The disclosed technology may be described in the context of computer-executable instructions being executed by a computer or processor. The computer-executable instructions may correspond with portions of computer program code, routines, programs, objects, software components, data structures, or other types of computer-related structures that may be used to perform processes using a computer. Computer program code used for implementing various operations or aspects of the disclosed technology may be developed using one or more programming languages, including an object oriented programming language such as Java or C++, a function programming language such as Lisp, a procedural programming language such as the “C” programming language or Visual Basic, or a dynamic programming language such as Python or JavaScript. In some cases, computer program code or machine-level instructions derived from the computer program code may execute entirely on an end user's computer, partly on an end user's computer, partly on an end user's computer and partly on a remote computer, or entirely on a remote computer or server.

The flowcharts and block diagrams in the figures provide illustrations of the architecture, functionality, and operation of possible implementations of systems, methods, and computer program products according to various aspects of the disclosed technology. In this regard, each step in a flowchart may correspond with a program module or portion of computer program code, which may comprise one or more computer-executable instructions for implementing the specified functionality. In some implementations, the functionality noted within a step may occur out of the order noted in the figures. For example, two steps shown in succession may, in fact, be executed substantially concurrently, or the steps may sometimes be executed in the reverse order, depending upon the functionality involved. In some implementations, steps may be omitted and other steps added without departing from the spirit and scope of the present subject matter. In some implementations, the functionality noted within a step may be implemented using hardware, software, or a combination of hardware and software. As examples, the hardware may include microcontrollers, microprocessors, field programmable gate arrays (FPGAs), and electronic circuitry.

For purposes of this document, the term “processor” may refer to a real hardware processor or a virtual processor, unless expressly stated otherwise. A virtual machine may include one or more virtual hardware devices, such as a virtual processor and a virtual memory in communication with the virtual processor.

For purposes of this document, it should be noted that the dimensions of the various features depicted in the figures may not necessarily be drawn to scale.

For purposes of this document, reference in the specification to “an embodiment,” “one embodiment,” “some embodiments,” “another embodiment,” and other variations thereof may be used to describe various features, functions, or structures that are included in at least one or more embodiments and do not necessarily refer to the same embodiment unless the context clearly dictates otherwise.

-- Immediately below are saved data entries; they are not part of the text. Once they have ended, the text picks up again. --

lemma normal_core_normal:
  assumes H: "subgroup H G" shows "normal_core G H \<lhd> G"
proof (rule normal_invI)
  have "conjugates G H \<noteq> {}" using self_in_conjugates[OF subgroup.subset[OF H]] by auto
  then show "subgroup (normal_core G H) G"
    unfolding normal_core_def using conjugates_subgroup[OF H] by (intro subgroups_Inter) auto
next
  fix x n assume x: "x \<in> carrier G" and n: "n \<in> normal_core G H"
  show "x \<otimes> n \<otimes> inv x \<in> normal_core G H" unfolding normal_core_def
  proof
    fix A assume A: "A \<in> conjugates G H"
    have Ac: "A \<subseteq> carrier G" using conjugates_subgroup[OF H A] subgroup.subset by auto
    have "inv x <# A #> inv (inv x) \<in> conjugates G H"
      using conj_in_conjugates[OF subgroup.subset[OF H] A inv_closed[OF x]] .
    then have "n \<in> inv x <# A #> x" using n x unfolding normal_core_def by auto
    then have "x \<otimes> n \<otimes> inv x \<in> x <# (inv x <# A #> x) #> inv x" by (auto simp: conj_image)
    then show "x \<otimes> n \<otimes> inv x \<in> A" using subgroup_conjugation_is_surj0[OF x Ac] by simp
  qed
qed

lemma normal_closure_normal:
  assumes "H \<subseteq> carrier G" shows "normal_closure G H \<lhd> G"
  unfolding normal_closure_def
proof (rule normal_generateI)
  show "\<Union>(conjugates G H) \<subseteq> carrier G" using conjugates_subset_carrier[OF assms] by blast
  fix h g assume "h \<in> \<Union>(conjugates G H)" and g: "g \<in> carrier G"
  then obtain A where "A \<in> conjugates G H" "h \<in> A" by auto
  then show "g \<otimes> h \<otimes> inv g \<in> \<Union>(conjugates G H)"
    using conj_in_conjugates[OF assms _ g] by (auto simp: conj_image)
qed

lemma subset_normal_closure:
  assumes "H \<subseteq> carrier G" shows "H \<subseteq> normal_closure G H"
proof
  fix h assume "h \<in> H"
  then have "h \<in> \<Union>(conjugates G H)" using self_in_conjugates[OF assms] by blast
  then show "h \<in> normal_closure G H" unfolding normal_closure_def by (rule generate.incl)
qed

lemma normal_conj_eq:
  assumes N: "N \<lhd> G" and g: "g \<in> carrier G" shows "g <# N #> inv g = N"
proof -
  have Nc: "N \<subseteq> carrier G" using normal_imp_subgroup[OF N] subgroup.subset by auto
  have "g <# N #> inv g = N #> g #> inv g" using normal.coset_eq[OF N] g by simp
  also have "\<dots> = N" using Nc g by (simp add: coset_mult_assoc)
  finally show ?thesis .
qed

lemma normalizer_normal:
  assumes "N \<lhd> G" shows "normalizer G N = carrier G"
proof -
  have "N \<subseteq> carrier G" using normal_imp_subgroup[OF assms] subgroup.subset by auto
  then show ?thesis unfolding normalizer_def stabilizer_def using normal_conj_eq[OF assms] by auto
qed

text \<open>By the orbit-stabilizer correspondence for the conjugation action on subsets.\<close>
lemma finite_conjugates:
  assumes "H \<subseteq> carrier G" and "finite (rcosets (normalizer G H))"
  shows "finite (conjugates G H)"
proof -
  let ?\<phi> = "\<lambda>g. \<lambda>H \<in> {H. H \<subseteq> carrier G}. g <# H #> inv g"
  have orbit: "conjugates G H = orbit G ?\<phi> H"
    unfolding conjugates_def orbit_def using assms(1) by auto
  have stabilizer: "normalizer G H = stabilizer G ?\<phi> H" unfolding normalizer_def ..
  have bij: "bij_betw (\<lambda>R. ?\<phi> (inv (SOME h. h \<in> R)) H)
                   (rcosets (stabilizer G ?\<phi> H)) (orbit G ?\<phi> H)"
    using group_action.orbit_stab_fun_is_bij[OF action_by_conjugation_on_power_set] assms(1) by auto
  show ?thesis
    unfolding orbit using bij_betw_finite[OF bij] assms(2)[unfolded stabilizer] by blast
qed

lemma torsion_of_finite_subgroup:
  assumes "subgroup B G" "finite B" "x \<in> B"
  shows "\<exists>n>0. x [^] (n::nat) = \<one>"
proof -
  have x: "x \<in> carrier G" using subgroup.mem_carrier[OF assms(1,3)] .
  have "carrier (subgroup_generated G {x}) \<subseteq> B"
    using assms x generate_subgroup_incl by (simp add: carrier_subgroup_generated)
  then have "finite (carrier (subgroup_generated G {x}))" using assms(2) by (rule finite_subset)
  then show ?thesis using finite_cyclic_subgroup[OF x] by blast
qed

lemma finite_index_in_normal_core:
  assumes K: "subgroup K G" and fin: "finite (conjugates G K)"
    and M: "M \<lhd> G" and KM: "finite_index_in G K M"
  shows "finite_index_in G (normal_core G K) M"
  unfolding normal_core_def
proof (rule finite_index_in_Inter[OF fin])
  have Kc: "K \<subseteq> carrier G" and Mc: "M \<subseteq> carrier G"
    using K M subgroup.subset normal_imp_subgroup by auto
  show "conjugates G K \<noteq> {}" using self_in_conjugates[OF Kc] by auto
  show "subgroup A G" if "A \<in> conjugates G K" for A using conjugates_subgroup[OF K that] .
  show "M \<subseteq> carrier G" by (rule Mc)
  show "finite_index_in G A M" if A: "A \<in> conjugates G K" for A
  proof -
    obtain g where g: "g \<in> carrier G" "A = g <# K #> inv g" using A unfolding conjugates_def by auto
    show ?thesis using finite_index_in_conj[OF Kc Mc g(1) KM] normal_conj_eq[OF M g(1)] g(2) by simp
  qed
qed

For purposes of this document, a connection may be a direct connection or an indirect connection (e.g., via another part). In some cases, when an element is referred to as being connected or coupled to another element, the element may be directly connected to the other element or indirectly connected to the other element via intervening elements. When an element is referred to as being directly connected to another element, then there are no intervening elements between the element and the other element.

For purposes of this document, the term “based on” may be read as “based at least in part on.”

For purposes of this document, without additional context, use of numerical terms such as a “first” object, a “second” object, and a “third” object may not imply an ordering of objects, but may instead be used for identification purposes to identify or distinguish separate objects.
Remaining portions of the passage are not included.